The black and white photographs of the area around the tree well show sidewalk interrupted only by one tree well located to the right of the gate from the perspective of one exiting the gate. The tree well in the photograph does not block the gate or force a pedestrian to walk in the area between the fence and the tree. The path to the left is not shown in the photographs. The path going straight ahead out of the gate appears clear with nothing apparent to block a pedestrian from turning right after passing the tree and proceeding right on the sidewalk between the tree and the street. The photograph pictures a garbage can against the fence near the location of the tree well.

Plaintiff testified at his 50-h hearing that he walked past the subject tree before his accident "plenty of times" (50-h hearing, August 9, 2011 at 22, 31, 51).
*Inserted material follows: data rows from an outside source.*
lemma l2norm_power2: "x \<in> l2 \<Longrightarrow> (l2norm x)\<^sup>2 = (\<Sum>i. (norm (x i))\<^sup>2)"
  unfolding l2_def l2norm_def by (simp add: suminf_nonneg)

lemma l2norm_nonneg: "x \<in> l2 \<Longrightarrow> 0 \<le> l2norm x"
  unfolding l2_def l2norm_def by (simp add: suminf_nonneg)

lemma l2_finite_support:
  assumes "\<And>i. n \<le> i \<Longrightarrow> x i = 0"
  shows "x \<in> l2" and "l2norm x = L2_set (\<lambda>i. norm (x i)) {..<n}"
proof -
  have "(\<lambda>i. (norm (x i))\<^sup>2) sums (\<Sum>i<n. (norm (x i))\<^sup>2)"
    using assms by (intro sums_finite) (auto simp: not_less)
  then show "x \<in> l2" and "l2norm x = L2_set (\<lambda>i. norm (x i)) {..<n}"
    unfolding l2_def l2norm_def L2_set_def by (auto simp: sums_iff)
qed

lemma L2_set_le_l2norm:
  assumes "x \<in> l2"
  shows "L2_set (\<lambda>i. norm (x i)) A \<le> l2norm x"
proof (cases "finite A")
  case True
  have "(\<Sum>i\<in>A. (norm (x i))\<^sup>2) \<le> (\<Sum>i. (norm (x i))\<^sup>2)"
    using assms True unfolding l2_def by (intro sum_le_suminf) auto
  then show ?thesis unfolding L2_set_def l2norm_def by simp
qed (simp add: l2norm_nonneg assms)

lemma norm_le_l2norm: "x \<in> l2 \<Longrightarrow> norm (x i) \<le> l2norm x"
  using L2_set_le_l2norm[of x "{i}"] by simp

lemma l2_comparison:
  assumes "\<And>i. (norm (x i))\<^sup>2 \<le> g i" and "summable g"
  shows "x \<in> l2" and "l2norm x \<le> sqrt (suminf g)"
proof -
  show "x \<in> l2"
    unfolding l2_def using assms by (auto intro: summable_comparison_test')
  then show "l2norm x \<le> sqrt (suminf g)"
    unfolding l2norm_def l2_def using assms by (auto intro: suminf_le)
qed

lemma l2_add:
  assumes "x \<in> l2" "y \<in> l2"
  shows "(\<lambda>i. x i + y i) \<in> l2"
proof (rule l2_comparison)
  show "(norm (x i + y i))\<^sup>2 \<le> 2 * (norm (x i))\<^sup>2 + 2 * (norm (y i))\<^sup>2" for i
    using parallelogram_law[of "x i" "y i"] zero_le_power2[of "norm (x i - y i)"]
    by linarith
  show "summable (\<lambda>i. 2 * (norm (x i))\<^sup>2 + 2 * (norm (y i))\<^sup>2)"
    using assms unfolding l2_def by (intro summable_add summable_mult) auto
qed

lemma l2_scale:
  assumes "x \<in> l2"
  shows "(\<lambda>i. c * x i) \<in> l2" and "l2norm (\<lambda>i. c * x i) = norm c * l2norm x"
proof -
  have "summable (\<lambda>i. (norm (x i))\<^sup>2)" using assms unfolding l2_def by simp
  then have "(\<lambda>i. (norm (c * x i))\<^sup>2) sums ((norm c)\<^sup>2 * (\<Sum>i. (norm (x i))\<^sup>2))"
    by (simp add: norm_mult power_mult_distrib summable_sums sums_mult)
  then show "(\<lambda>i. c * x i) \<in> l2" and "l2norm (\<lambda>i. c * x i) = norm c * l2norm x"
    unfolding l2_def l2norm_def by (auto simp: sums_iff real_sqrt_mult)
qed

lemma l2_sum:
  assumes "finite J" and "\<And>j. j \<in> J \<Longrightarrow> v j \<in> l2"
  shows "(\<lambda>i. \<Sum>j\<in>J. c j * v j i) \<in> l2"
  using assms
proof (induction J rule: finite_induct)
  case empty
  show ?case using l2_finite_support(1)[of 0] by simp
next
  case (insert j J)
  then show ?case by (simp add: l2_add l2_scale)
qed

lemma norm_le_linfnorm:
  assumes "a \<in> linf"
  shows "norm (a i) \<le> linfnorm a"
proof -
  have "bdd_above (range (\<lambda>i. norm (a i)))"
    using assms unfolding linf_def by (auto simp: bounded_iff bdd_above_def)
  then show ?thesis unfolding linfnorm_def by (rule cSUP_upper[OF UNIV_I])
qed

lemma linfnorm_nonneg: "a \<in> linf \<Longrightarrow> 0 \<le> linfnorm a"
  using norm_le_linfnorm[of a 0] norm_ge_zero order_trans by blast

lemma l2_mult_linf:
  assumes "a \<in> linf" and "b \<in> l2"
  shows "(\<lambda>i. a i * b i) \<in> l2" and "l2norm (\<lambda>i. a i * b i) \<le> linfnorm a * l2norm b"
proof -
  have bound: "(norm (a i * b i))\<^sup>2 \<le> (linfnorm a)\<^sup>2 * (norm (b i))\<^sup>2" for i
    using norm_le_linfnorm[OF assms(1), of i]
    by (simp add: norm_mult power_mult_distrib mult_right_mono power_mono)
  have summable: "summable (\<lambda>i. (linfnorm a)\<^sup>2 * (norm (b i))\<^sup>2)"
    using assms(2) unfolding l2_def by (intro summable_mult) simp
  show "(\<lambda>i. a i * b i) \<in> l2" by (rule l2_comparison(1)[OF bound summable])
  have "(\<Sum>i. (linfnorm a)\<^sup>2 * (norm (b i))\<^sup>2) = (linfnorm a * l2norm b)\<^sup>2"
    using assms(2) unfolding l2_def
    by (simp add: suminf_mult power_mult_distrib l2norm_power2[OF assms(2)])
  moreover have "0 \<le> linfnorm a * l2norm b"
    using linfnorm_nonneg[OF assms(1)] l2norm_nonneg[OF assms(2)] by simp
  ultimately show "l2norm (\<lambda>i. a i * b i) \<le> linfnorm a * l2norm b"
    using l2_comparison(2)[OF bound summable] by simp
qed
He testified that he complained numerous times to a park employee, to the community board and to a councilman about placement of the tree, "right in the center of the exit of the park" (id. at 44, 45-46, 50). None of those complaints were in writing (id. at 46, 49). At the time of the subject accident, plaintiff turned to his right when coming out of the park gate (id. at 52, 57-58). There were garbage cans along the fence (id. at 56). Plaintiff kicked the raised cobblestone in the tree well with his left foot and stumbled, hearing two "pops" in his right knee before falling down (id. at 25, 63). Plaintiff's attorney instructed plaintiff not to answer whether there were any obstructions in the way keeping him from going straight or to the left when he came out of the park gate (id. at 59).

A Parks Supervisor, Bill Sackel, testified that when complaints are received about tree wells, the Parks Department does inspections (deposition, November 25, 2013 at 1, 5). He is familiar with the park in question (id. at 7). The Parks Department is responsible for the maintenance of the tree well (id. at 9-11). The tree well in question is identified by its location on Nelson Avenue between 165th and 166th streets in front of the entrance to the park (id. at 12, 22). Mr. Sackel testified that the raised paver shown in the photographs would not be considered a hazard for pedestrians because it is neither big enough nor high enough and people do not normally walk in tree pits (id. at 14). The raised edge of the paver is located at the dirt edge of the pavers "where most people won't walk"(id. at 15).

Carla Lake stated in an affidavit dated February 20, 2014 that she is a Parks Associate Staff Analyst and records searcher. She performed a search for all documents regarding complaints, correspondence, pruning records, tree removal records, maintenance and repair records for Nelson Avenue between 165th and 166th streets for two years prior to and including March 8, 2011 and found no records for that location.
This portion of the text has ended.